Additionally, the advent of the casket handling fee as
a method of dealing with competition has precluded much true
competition from third parties which would ordinarily result in
prices charged being driven down. Therefore, overall, the FTC's
cost-benefit analysis, which lead the FTC to conclude that the
benefits of the ban on casket handling fees outweigh the costs,
was supported by substantial evidence and was neither arbitrary
nor capricious.
The FTC's Conclusion that Consumers Cannot Reasonably Avoid the
Injury Caused by Casket Handling Fees
The final prong of the five-part test involves whether
consumers can reasonably avoid the injury caused by casket
handling fees, thereby making the ban unnecessary. The consumer
injury is the restriction of choice when it comes to buying a
casket and the fact that a penalty is imposed when a consumer
exercises that choice in favor of a third party casket seller,
but against a funeral home. The PFDA argues that since there are
no consumer complaints in the record, consumers are obviously
avoiding the injury, or do not consider themselves "injured" by
the fee.11
However, this argument is premised on the assumption
that consumers who wish to avoid the fee can shop around to find
a funeral provider who does not charge such a fee. That is a
faulty assumption. The reason the FTC promulgated the original
Funeral Rule was because of the particular vulnerability of
funeral service consumers. Funeral consumers are forced to make
many of the choices involved in arranging a funeral in a bereaved
state and often do not have time to "shop around" at the time of
death of a loved one. Consequently, those consumers are in no
position to seek out a funeral service provider who will not
charge them a casket handling fee, if one even exists in their
immediate geographic area.
11
The PFDA also argues that market forces will keep the
amount of casket handling fees down such that consumers can avoid
injury. This argument is irrelevant given that the FTC does not
define the consumer injury by the amount of the casket handling
fee, but rather as the fact that such a fee is imposed.
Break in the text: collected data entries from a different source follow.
text \<open>If the joint law is dominated by C times the product of the first marginal with a
  sub-probability Q, then the mutual information is at most log C: the excess over log C is
  minus a relative entropy of the second marginal with respect to Q.\<close>

lemma mutual_information_pmf_le_log:
  fixes J :: "('a \<times> 'b) pmf" and Q :: "'b \<Rightarrow> real"
  assumes fin: "finite (set_pmf J)" and b: "1 < b" and C: "0 < C"
    and Q_nonneg: "\<And>y. 0 \<le> Q y" and Q_sum: "(\<Sum>y\<in>snd ` set_pmf J. Q y) \<le> 1"
    and dominated: "\<And>x y. pmf J (x, y) \<le> C * pmf (map_pmf fst J) x * Q y"
  shows "prob_space.mutual_information (measure_pmf J) b (count_space UNIV) (count_space UNIV) fst snd
    \<le> log b C"
proof -
  define A where "A = map_pmf fst J"
  define B where "B = map_pmf snd J"
  let ?S = "set_pmf J"
  have pos: "0 < pmf J z \<and> 0 < pmf A (fst z) \<and> 0 < pmf B (snd z) \<and> 0 < Q (snd z)" if "z \<in> ?S" for z
  proof -
    have "0 < pmf J z" "0 < pmf A (fst z)" "0 < pmf B (snd z)"
      using that by (auto simp: A_def B_def pmf_positive_iff)
    moreover have "0 < C * pmf A (fst z) * Q (snd z)"
      using dominated[of "fst z" "snd z"] \<open>0 < pmf J z\<close> by (simp add: A_def)
    ultimately show ?thesis
      using C Q_nonneg[of "snd z"] by (simp add: zero_less_mult_iff)
  qed
  have pointwise: "pmf J z * log b (pmf J z / (pmf A (fst z) * pmf B (snd z)))
      \<le> pmf J z * log b C + pmf J z * log b (Q (snd z) / pmf B (snd z))" if "z \<in> ?S" for z
  proof -
    have "pmf J z / (pmf A (fst z) * Q (snd z)) \<le> C"
      using dominated[of "fst z" "snd z"] pos[OF that] by (simp add: A_def divide_le_eq mult_ac)
    then have "log b (pmf J z / (pmf A (fst z) * Q (snd z))) \<le> log b C"
      using pos[OF that] b by (intro log_mono) auto
    moreover have "log b (pmf J z / (pmf A (fst z) * pmf B (snd z)))
        = log b (pmf J z / (pmf A (fst z) * Q (snd z))) + log b (Q (snd z) / pmf B (snd z))"
      using pos[OF that] b by (simp add: log_mult_pos[symmetric] field_simps)
    ultimately show ?thesis
      using pos[OF that] by (simp add: distrib_left mult_left_mono)
  qed
  have B_eq: "pmf B y = (\<Sum>z\<in>{z\<in>?S. snd z = y}. pmf J z)" for y
  proof -
    have "pmf B y = measure J ({z\<in>?S. snd z = y})"
      unfolding B_def pmf_map by (subst measure_Int_set_pmf[symmetric]) (simp add: Int_def conj_commute)
    then show ?thesis
      using fin by (simp add: measure_measure_pmf_finite)
  qed
  have "(\<Sum>z\<in>?S. pmf J z * log b (Q (snd z) / pmf B (snd z)))
      = (\<Sum>y\<in>snd ` ?S. \<Sum>z\<in>{z\<in>?S. snd z = y}. pmf J z * log b (Q (snd z) / pmf B (snd z)))"
    using fin by (intro sum.group[symmetric]) auto
  also have "\<dots> = (\<Sum>y\<in>snd ` ?S. pmf B y * log b (Q y / pmf B y))"
    by (intro sum.cong refl) (simp add: B_eq sum_distrib_right)
  also have "\<dots> \<le> 0"
    using fin b Q_sum pos by (intro sum_mult_log_ratio_nonpos) (auto simp: B_def sum_pmf_eq_1)
  finally have relative_entropy_nonpos:
    "(\<Sum>z\<in>?S. pmf J z * log b (Q (snd z) / pmf B (snd z))) \<le> 0" .
  have "(\<Sum>z\<in>?S. pmf J z * log b (pmf J z / (pmf A (fst z) * pmf B (snd z))))
      \<le> (\<Sum>z\<in>?S. pmf J z) * log b C + (\<Sum>z\<in>?S. pmf J z * log b (Q (snd z) / pmf B (snd z)))"
    using pointwise by (simp add: sum_mono sum_distrib_right flip: sum.distrib)
  also have "\<dots> \<le> log b C"
    using fin relative_entropy_nonpos by (simp add: sum_pmf_eq_1)
  finally show ?thesis
    using fin b by (simp add: mutual_information_pmf_finite A_def B_def)
qed
(* Let $r:\mathfrak h^*\to\wedge^2\mathfrak g$ be a triangular dynamical $r$-matrix. The following are equivalent: (1) $\mathfrak g_\lambda=\mathfrak g$ for some $\lambda\in\mathfrak h^*$ (i.e. $\mathrm{rank}\,r=\dim\mathfrak g-\dim\mathfrak h$, and $r$ is called non-degenerate); (2) the bundle map $\Lambda^\#:A^*\to A$ is an isomorphism at every point; (3) $\mathfrak g_\lambda=\mathfrak g$ for all $\lambda\in\mathfrak h^*$; (4) $(M,\pi)$ is a symplectic manifold.
   Context: Let $\mathfrak g$ be a finite-dimensional real Lie algebra and $\mathfrak h\subset\mathfrak g$ an abelian Lie subalgebra of dimension $l$ with basis $h_1,\dots,h_l$; $(\lambda^1,\dots,\lambda^l)$ are the induced coordinates on $\mathfrak h^*$. A triangular dynamical $r$-matrix is a smooth map $r:\mathfrak h^*\to\wedge^2\mathfrak g$ with $[h,r(\lambda)]=0$ for $h\in\mathfrak h$ and $\sum_i h_i\wedge\frac{\partial r}{\partial\lambda^i}+\frac12[r,r]=0$ (Schouten-type bracket on $\wedge^\bullet\mathfrak g$). For $\rho\in\wedge^2\mathfrak g$, $\rho^\#:\mathfrak g^*\to\mathfrak g$ is $\langle\rho^\#\xi,\eta\rangle=\rho(\xi,\eta)$; $\mathfrak h^\perp\subset\mathfrak g^*$ is the annihilator of $\mathfrak h$; $\mathfrak g_\lambda=\mathfrak h+r(\lambda)^\#\mathfrak h^\perp$ and $\mathrm{rank}\,r=\dim\mathfrak g_\lambda-\dim\mathfrak h$. $A=T\mathfrak h^*\times\mathfrak g$ is the vector bundle over $\mathfrak h^*$ with fiber $A_\lambda\cong\mathfrak h^*\oplus\mathfrak g$, so $A_\lambda^*\cong\mathfrak h\oplus\mathfrak g^*$; $\Lambda^\#:A^*\to A$ is given at $\lambda$ by $\Lambda^\#_\lambda(h,\xi)=(i^*\xi,\,-h+r(\lambda)^\#\xi)$, where $i^*:\mathfrak g^*\to\mathfrak h^*$ is restriction. $G$ is a connected Lie group with Lie algebra $\mathfrak g$, $M=\mathfrak h^*\times G$, $\pi=\sum_i\vec{h_i}\wedge\frac{\partial}{\partial\lambda^i}+\vec{r(\lambda)}$, where $\vec u$ is the left-invariant vector/multivector field along the $G$-factor generated by $u$. *)

theory Defs
  imports "HOL-Analysis.Analysis"
begin

text \<open>The Lie algebra g is real^'n (basis e_a = axis a 1, dual basis
identified with real^'n via the dot product), with bracket br. The abelian
subalgebra h has basis hb :: 'l \<Rightarrow> real^'n, so dim h = CARD('l); a point
lambda of h* is given by its coordinates (lambda^i = lambda(h_i)) in real^'l,
and an element of h by its coefficient vector c in real^'l (meaning sum_i c_i h_i).\<close>

definition lie_algebra :: "(real^'n \<Rightarrow> real^'n \<Rightarrow> real^'n) \<Rightarrow> bool" where
  "lie_algebra br \<longleftrightarrow> bilinear br \<and> (\<forall>x. br x x = 0) \<and>
     (\<forall>x y z. br x (br y z) + br y (br z x) + br z (br x y) = 0)"

definition abelian_subalg_basis ::
  "(real^'n \<Rightarrow> real^'n \<Rightarrow> real^'n) \<Rightarrow> ('l::finite \<Rightarrow> real^'n) \<Rightarrow> bool" where
  "abelian_subalg_basis br hb \<longleftrightarrow> inj hb \<and> independent (range hb) \<and>
     (\<forall>x\<in>span (range hb). \<forall>y\<in>span (range hb). br x y = 0)"

text \<open>Smooth (C-infinity) maps between finite-dimensional spaces: all iterated
partial derivatives exist, are continuous, and the maps are differentiable.\<close>
definition smooth_map :: "(real^'l::finite \<Rightarrow> 'b::real_normed_vector) \<Rightarrow> bool" where
  "smooth_map f \<longleftrightarrow> (\<exists>F :: 'l list \<Rightarrow> real^'l \<Rightarrow> 'b. F [] = f \<and>
     (\<forall>ks. continuous_on UNIV (F ks)) \<and>
     (\<forall>ks x. (F ks has_derivative (\<lambda>v. \<Sum>i\<in>UNIV. (v $ i) *\<^sub>R F (i # ks) x)) (at x)))"

text \<open>A bivector rho in wedge^2 g is an antisymmetric matrix, rho = 1/2 sum rho_ab e_a wedge e_b,
viewed as the bilinear form rho(xi,eta) = sum rho_ab xi_a eta_b on g*.\<close>
definition is_bivector :: "real^'n^'n \<Rightarrow> bool" where
  "is_bivector \<rho> \<longleftrightarrow> transpose \<rho> = - \<rho>"

definition biv_eval :: "real^'n^'n \<Rightarrow> real^'n \<Rightarrow> real^'n \<Rightarrow> real" where
  "biv_eval \<rho> \<xi> \<eta> = (\<Sum>a\<in>UNIV. \<Sum>b\<in>UNIV. \<rho>$a$b * \<xi>$a * \<eta>$b)"

text \<open>rho^# : g* \<rightarrow> g, <rho^# xi, eta> = rho(xi, eta).\<close>
definition sharp :: "real^'n^'n \<Rightarrow> real^'n \<Rightarrow> real^'n" where
  "sharp \<rho> \<xi> = transpose \<rho> *v \<xi>"

text \<open>Adjoint action [h, rho] of g on wedge^2 g (derivation extension).\<close>
definition ad_biv :: "(real^'n \<Rightarrow> real^'n \<Rightarrow> real^'n) \<Rightarrow> real^'n \<Rightarrow> real^'n^'n \<Rightarrow> real^'n^'n" where
  "ad_biv br h \<rho> = (\<chi> p q. (\<Sum>a\<in>UNIV. \<rho>$a$q * (br h (axis a 1))$p)
                         + (\<Sum>b\<in>UNIV. \<rho>$p$b * (br h (axis b 1))$q))"
section \<open>Self-adjoint elements are multiples of one projection\<close>

lemma (in sqrt_compl) D_h_eq_0:
  assumes bj: "\<forall>a b::'a. bj_orth a b \<longrightarrow> norm (a + b) \<ge> norm b"
    and nh: "norm h = 1"
  shows "D h = 0"
proof (rule ccontr)
  assume "D h \<noteq> 0"
  then have d: "norm (D h) > 0" by simp
  obtain K where K1: "K \<ge> 1" and K: "real ((2*K) choose K) / 4 ^ K < norm (D h) / 1000000"
    using central_binomial_div_4_power_small[of "norm (D h) / 1000000"] d by auto
  define x where "x = spow h (2*K - 1)"
  define y where "y = (1 / norm (D h)) *\<^sub>R D h"
  have D_h: "D h = h - s * h" unfolding D_def ..
  have xs: "x * s = s * x" and xh: "x * h = h * x"
    unfolding x_def using spow_commute[of s h] spow_commute[of h h] s_commute by simp_all
  have "x * D h = x * h - (x * s) * h"
    unfolding D_h by (simp add: right_diff_distrib mult.assoc)
  also have "\<dots> = h * x - s * (x * h)"
    by (simp add: xs xh mult.assoc)
  finally have "x * D h = D h * x"
    unfolding D_h by (simp add: xh left_diff_distrib mult.assoc)
  then have com: "x * y = y * x"
    unfolding y_def by simp
  have "x * D h = ((*) h ^^ (2*K)) (D h)"
    unfolding x_def spow_eq_funpow using K1 by simp
  then have "norm (x * D h) \<le> real ((2*K) choose K) / 4 ^ K"
    using norm_power_D_le[of "2*K" h] nh by (simp add: power_mult)
  then have "norm (x * D h) < norm (D h) / 1000000"
    using K by linarith
  then have "norm (x * y) \<le> 1/1000000"
    unfolding y_def using d by (simp add: divide_simps)
  moreover have "cstar x = x" and "norm x = 1"
    unfolding x_def using cstar_spow norm_spow_selfadjoint h_selfadjoint nh by simp_all
  moreover have "cstar y = y"
    unfolding y_def D_h by (simp add: cstar_scaleR cstar_diff cstar_mult h_selfadjoint s_selfadjoint s_commute)
  moreover have "norm y = 1"
    unfolding y_def using d by simp
  ultimately show False
    using no_almost_orthogonal_pair[OF bj _ _ com] by blast
qed
(* For any subset $A\subset E$ and any edge $k\in E$, (i) $D_kB_A^c=\sqrt{pq}\,\mathbf 1\{k\in A\}\,B_{A\setminus\{k\}}$; (ii) $-D_kL^{-1}B_A^c=\sqrt{pq}\,\mathbf 1\{k\in A\}\sum_{\{k\}\subset\alpha\subset A}\dfrac{p^{|A|-|\alpha|}}{|A|\binom{|A|-1}{|\alpha|-1}}B_{\alpha\setminus\{k\}}$. In particular, all these expressions are non-negative.
   Context: $E$ is the (finite) set of all $\binom n2$ possible edges on $n$ vertices, $p\in(0,1)$, $q=1-p$. $(X_k)_{k\in E}$ are independent Rademacher variables with $\mathbb{P}(X_k=1)=p$. $B_k=\frac12(X_k+1)$, $Y_k=(pq)^{-1/2}(B_k-p)$; for $A\subset E$, $B_A=\prod_{k\in A}B_k$, $Y_A=\prod_{k\in A}Y_k$ ($B_\emptyset=Y_\emptyset=1$), and $Z^c:=Z-\mathbb{E}[Z]$. The discrete gradient is $D_kF=\sqrt{pq}(F_k^+-F_k^-)$, where $F_k^\pm$ is $F$ with $X_k$ set to $\pm1$. Every functional $F$ of $(X_k)$ can be written $F=\mathbb{E}F+\sum_{\emptyset\ne\alpha\subset E}c_\alpha Y_\alpha$, and the pseudo-inverse Ornstein–Uhlenbeck operator is $L^{-1}F=-\sum_{\emptyset\neq\alpha\subset E}\frac{c_\alpha}{|\alpha|}Y_\alpha$. *)

theory Defs
  imports Complex_Main
begin

text \<open>A configuration
  of the Rademacher family (X_k) is encoded by the set S \<subseteq> E of edges k
  with X_k = 1.  A functional F of (X_k) is a map on configurations
  (only its values on subsets of E are relevant).\<close>

definition edges :: "nat \<Rightarrow> nat set set" where
  "edges n = {e. e \<subseteq> {..<n} \<and> card e = 2}"

type_synonym functional = "nat set set \<Rightarrow> real"

definition Xv :: "nat set \<Rightarrow> functional" where
  "Xv k S = (if k \<in> S then 1 else -1)"

definition Bk :: "nat set \<Rightarrow> functional" where
  "Bk k S = (Xv k S + 1) / 2"

definition Yk :: "real \<Rightarrow> nat set \<Rightarrow> functional" where
  "Yk p k S = (Bk k S - p) / sqrt (p * (1 - p))"

definition BA :: "nat set set \<Rightarrow> functional" where
  "BA A S = (\<Prod>k\<in>A. Bk k S)"

definition YA :: "real \<Rightarrow> nat set set \<Rightarrow> functional" where
  "YA p A S = (\<Prod>k\<in>A. Yk p k S)"

definition weight :: "nat \<Rightarrow> real \<Rightarrow> nat set set \<Rightarrow> real" where
  "weight n p S = (\<Prod>k\<in>edges n. if k \<in> S then p else 1 - p)"

definition expect :: "nat \<Rightarrow> real \<Rightarrow> functional \<Rightarrow> real" where
  "expect n p F = (\<Sum>S\<in>Pow (edges n). weight n p S * F S)"

definition centered :: "nat \<Rightarrow> real \<Rightarrow> functional \<Rightarrow> functional" where
  "centered n p F S = F S - expect n p F"

text \<open>Discrete gradient: F_k^+ sets X_k = 1, F_k^- sets X_k = -1.\<close>
definition Dgrad :: "real \<Rightarrow> nat set \<Rightarrow> functional \<Rightarrow> functional" where
  "Dgrad p k F S = sqrt (p * (1 - p)) * (F (insert k S) - F (S - {k}))"

text \<open>Chaos (Walsh) coefficient c_alpha of F in F = E F + sum c_alpha Y_alpha;
  since (Y_alpha) is orthonormal in L^2, c_alpha = E[F Y_alpha].\<close>
definition chaos_coeff :: "nat \<Rightarrow> real \<Rightarrow> functional \<Rightarrow> nat set set \<Rightarrow> real" where
  "chaos_coeff n p F \<alpha> = expect n p (\<lambda>S. F S * YA p \<alpha> S)"

definition Linv :: "nat \<Rightarrow> real \<Rightarrow> functional \<Rightarrow> functional" where
  "Linv n p F S = - (\<Sum>\<alpha>\<in>Pow (edges n) - {{}}. chaos_coeff n p F \<alpha> / real (card \<alpha>) * YA p \<alpha> S)"

end

theory Submission
  imports Defs
begin

text \<open>Write s = sqrt (p q). The Walsh expansion
  B_A = \<Prod>(s Y_j + p) = \<Sum>_{a \<subseteq> A} p^(|A|-|a|) s^|a| Y_a
  displays the chaos coefficients of B_A^c, by orthonormality of the Y_a, so L^-1 divides the
  a-th term by -|a|. On a product of one-coordinate factors D_k only differentiates the k-th
  factor, which gives (i) and D_k Y_a = 1{k \<in> a} Y_(a-{k}). Hence -D_k L^-1 B_A^c is
  s \<Sum>_{k \<in> b \<subseteq> A} p^(|A|-|b|)/|b| \<Prod>_{j \<in> b-{k}} (B_j - p); expanding the products, the
  coefficient of B_(\<alpha>-{k}) is an alternating sum over the sets between \<alpha> and A, which is a
  discrete Beta integral and equals 1/(|A| binom(|A|-1, |\<alpha>|-1)).\<close>

lemma sum_Pow_insert:
  assumes "finite B" "b \<notin> B"
  shows "(\<Sum>e\<in>Pow (insert b B). f e) = (\<Sum>e\<in>Pow B. f e) + (\<Sum>e\<in>Pow B. f (insert b e))"
proof -
  have "inj_on (insert b) (Pow B)"
    using assms(2) by (auto simp: inj_on_def)
  moreover have "Pow B \<inter> insert b ` Pow B = {}"
    using assms(2) by auto
  ultimately show ?thesis
    unfolding Pow_insert using assms(1) by (simp add: sum.union_disjoint sum.reindex)
qed

lemma fact_beta_recurrence:
  "fact g * fact r / fact (g + r + 1) - fact (Suc g) * fact r / fact (Suc g + r + 1)
     = (fact g * fact (Suc r) / fact (g + Suc r + 1) :: real)"
proof -
  have "Suc g + r + 1 = Suc (g + r + 1)" "g + Suc r + 1 = Suc (g + r + 1)" by simp_all
  moreover have "(fact (Suc m) :: real) = real (Suc m) * fact m" for m
    by (rule fact_Suc)
  moreover have "x * y / N - real (Suc g) * x * y / (real (Suc (g + r + 1)) * N)
                 = x * (real (Suc r) * y) / (real (Suc (g + r + 1)) * N)" if "N > 0" for x y N :: real
    using that by (simp add: divide_simps) (simp add: algebra_simps)
  ultimately show ?thesis by simp
qed

text \<open>The left-hand side is the integral of t^g (1 - t)^|B| over [0, 1], expanded by the
  binomial theorem; the right-hand side is the Beta function B(g + 1, |B| + 1).\<close>

lemma sum_Pow_alternating_div:
  assumes "finite B"
  shows "(\<Sum>e\<in>Pow B. (-1) ^ card e / real (g + card e + 1))
       = fact g * fact (card B) / fact (g + card B + 1)"
  using assms
proof (induction B arbitrary: g rule: finite_induct)
  case empty
  have "(fact g :: real) * (1 + g) > 0" by (simp add: add_pos_nonneg)
  then show ?case by (simp add: field_simps)
next
  case (insert b B)
  have shift: "(\<Sum>e\<in>Pow B. (-1) ^ card (insert b e) / real (g + card (insert b e) + 1))
      = - (\<Sum>e\<in>Pow B. (-1) ^ card e / real (Suc g + card e + 1))"
    unfolding sum_negf[symmetric]
  proof (rule sum.cong[OF refl])
    fix e assume "e \<in> Pow B"
    then have "card (insert b e) = Suc (card e)"
      using insert.hyps finite_subset by (metis PowD card_insert_disjoint subsetD)
    then show "(-1) ^ card (insert b e) / real (g + card (insert b e) + 1)
             = - ((-1) ^ card e / real (Suc g + card e + 1))"
      by simp
  qed
  have "(\<Sum>e\<in>Pow (insert b B). (-1) ^ card e / real (g + card e + 1))
      = fact g * fact (card B) / fact (g + card B + 1)
        - fact (Suc g) * fact (card B) / fact (Suc g + card B + 1)"
    unfolding sum_Pow_insert[OF insert.hyps] shift insert.IH by simp
  also have "\<dots> = fact g * fact (Suc (card B)) / fact (g + Suc (card B) + 1)"
    by (rule fact_beta_recurrence)
  finally show ?case
    using insert.hyps by simp
qed

lemma fact_beta_eq_inverse_binomial:
  assumes "k \<le> m"
  shows "fact k * fact (m - k) / fact (m + 1) = (1 / (real (m + 1) * real (m choose k)) :: real)"
proof -
  have "real (m choose k) = fact m / (fact k * fact (m - k))"
    by (rule binomial_fact[OF assms])
  then have "fact m = fact k * fact (m - k) * real (m choose k)"
    by (simp add: field_simps)
  moreover have "(fact (m + 1) :: real) = real (m + 1) * fact m"
    by simp
  ultimately show ?thesis
    by simp
qed

lemma sum_supsets_alternating_div:
  assumes "finite A" "d \<subseteq> A"
  shows "(\<Sum>c\<in>{c. c \<in> Pow A \<and> d \<subseteq> c}. (-1) ^ (card c - card d) / real (card c + 1))
       = 1 / (real (card A + 1) * real (card A choose card d))"
proof -
  have fin: "finite d" "finite (A - d)"
    using assms finite_subset by auto
  have "{c. c \<in> Pow A \<and> d \<subseteq> c} = (\<lambda>e. d \<union> e) ` Pow (A - d)"
  proof (intro equalityI subsetI)
    fix c assume "c \<in> {c. c \<in> Pow A \<and> d \<subseteq> c}"
    then have "c = d \<union> (c - d)" "c - d \<in> Pow (A - d)" by auto
    then show "c \<in> (\<lambda>e. d \<union> e) ` Pow (A - d)" by blast
  qed (use assms(2) in auto)
  moreover have "inj_on (\<lambda>e. d \<union> e) (Pow (A - d))"
    by (auto simp: inj_on_def)
  ultimately have "(\<Sum>c\<in>{c. c \<in> Pow A \<and> d \<subseteq> c}. (-1) ^ (card c - card d) / real (card c + 1))
      = (\<Sum>e\<in>Pow (A - d). (-1) ^ (card (d \<union> e) - card d) / real (card (d \<union> e) + 1))"
    by (simp add: sum.reindex)
  also have "\<dots> = (\<Sum>e\<in>Pow (A - d). (-1) ^ card e / real (card d + card e + 1))"
  proof (rule sum.cong[OF refl])
    fix e assume "e \<in> Pow (A - d)"
    then have "card (d \<union> e) = card d + card e"
      using fin by (intro card_Un_disjoint) (auto intro: finite_subset)
    then show "(-1) ^ (card (d \<union> e) - card d) / real (card (d \<union> e) + 1)
             = (-1) ^ card e / real (card d + card e + 1)"
      by simp
  qed
  also have "\<dots> = fact (card d) * fact (card A - card d) / fact (card A + 1)"
    using sum_Pow_alternating_div[OF fin(2), of "card d"] assms
    by (simp add: card_Diff_subset fin(1) card_mono)
  also have "\<dots> = 1 / (real (card A + 1) * real (card A choose card d))"
    using assms by (intro fact_beta_eq_inverse_binomial card_mono)
  finally show ?thesis .
qed

lemma sum_Pow_shifted_prod:
  fixes x :: "'a \<Rightarrow> real"
  assumes "finite A"
  shows "(\<Sum>c\<in>Pow A. p ^ (card A - card c) / real (card c + 1) * (\<Prod>j\<in>c. x j - p))
       = (\<Sum>d\<in>Pow A. p ^ (card A - card d) / (real (card A + 1) * real (card A choose card d))
                       * (\<Prod>j\<in>d. x j))"
proof -
  define m where "m = card A"
  define w where "w c d = (-1) ^ (card c - card d) / real (card c + 1)" for c d :: "'a set"
  have expand: "p ^ (m - card c) / real (card c + 1) * (\<Prod>j\<in>c. x j - p)
      = (\<Sum>d\<in>{d \<in> Pow A. d \<subseteq> c}. w c d * (p ^ (m - card d) * (\<Prod>j\<in>d. x j)))"
    if c: "c \<in> Pow A" for c
  proof -
    have fc: "finite c" "card c \<le> m"
      using c assms finite_subset card_mono unfolding m_def by auto
    have "p ^ (m - card c) * ((-1) ^ (card c - card d) * (\<Prod>j\<in>d. x j) * (\<Prod>j\<in>c - d. p))
        = (-1) ^ (card c - card d) * (p ^ (m - card d) * (\<Prod>j\<in>d. x j))" if "d \<subseteq> c" for d
    proof -
      have "card d \<le> card c" "card (c - d) = card c - card d"
        using that fc(1) by (auto intro: card_mono card_Diff_subset finite_subset)
      then have "p ^ (m - card c) * (\<Prod>j\<in>c - d. p) = p ^ (m - card d)"
        using fc(2) by (simp add: power_add[symmetric])
      then show ?thesis by (simp add: algebra_simps)
    qed
    moreover have "{d \<in> Pow A. d \<subseteq> c} = Pow c"
      using c by auto
    ultimately show ?thesis
      unfolding prod_diff_conv_sum'[OF fc(1)] w_def sum_distrib_left
      by (intro sum.cong) (auto simp: field_simps)
  qed
  have "(\<Sum>c\<in>Pow A. p ^ (m - card c) / real (card c + 1) * (\<Prod>j\<in>c. x j - p))
      = (\<Sum>c\<in>Pow A. \<Sum>d\<in>{d \<in> Pow A. d \<subseteq> c}. w c d * (p ^ (m - card d) * (\<Prod>j\<in>d. x j)))"
    using expand by (rule sum.cong[OF refl])
  also have "\<dots> = (\<Sum>d\<in>Pow A. (\<Sum>c\<in>{c \<in> Pow A. d \<subseteq> c}. w c d) * (p ^ (m - card d) * (\<Prod>j\<in>d. x j)))"
    unfolding sum_distrib_right using assms by (intro sum.swap_restrict) auto
  also have "\<dots> = (\<Sum>d\<in>Pow A. p ^ (m - card d) / (real (m + 1) * real (m choose card d)) * (\<Prod>j\<in>d. x j))"
    using sum_supsets_alternating_div[OF assms] unfolding w_def m_def by (intro sum.cong) auto
  finally show ?thesis
    unfolding m_def .
qed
Further, the studies discussed above show that where
third party casket sellers exist, a significant number of funeral
service providers charge casket handling fees. This indicates
that most consumers who wish to and do purchase third party
caskets will pay a fee for exercising that choice. If the
consumer cannot or will not pay the fee, he or she is forced to
buy the casket from the funeral home. That is no choice.
Therefore, the injury, as defined by the FTC -- restriction on
choice and being penalized for exercising that choice -- cannot
be avoided by consumers. The FTC's conclusion as to the
unavoidability of the injury is supported by substantial evidence
and is not arbitrary or capricious.
CONCLUSION
After careful review of the entire record, it appears
that none of the conclusions the FTC reached was arbitrary or
capricious or unsupported by substantial evidence in the
rulemaking record taken as a whole. Therefore, for all of the
reasons stated above, the petition for review will be denied.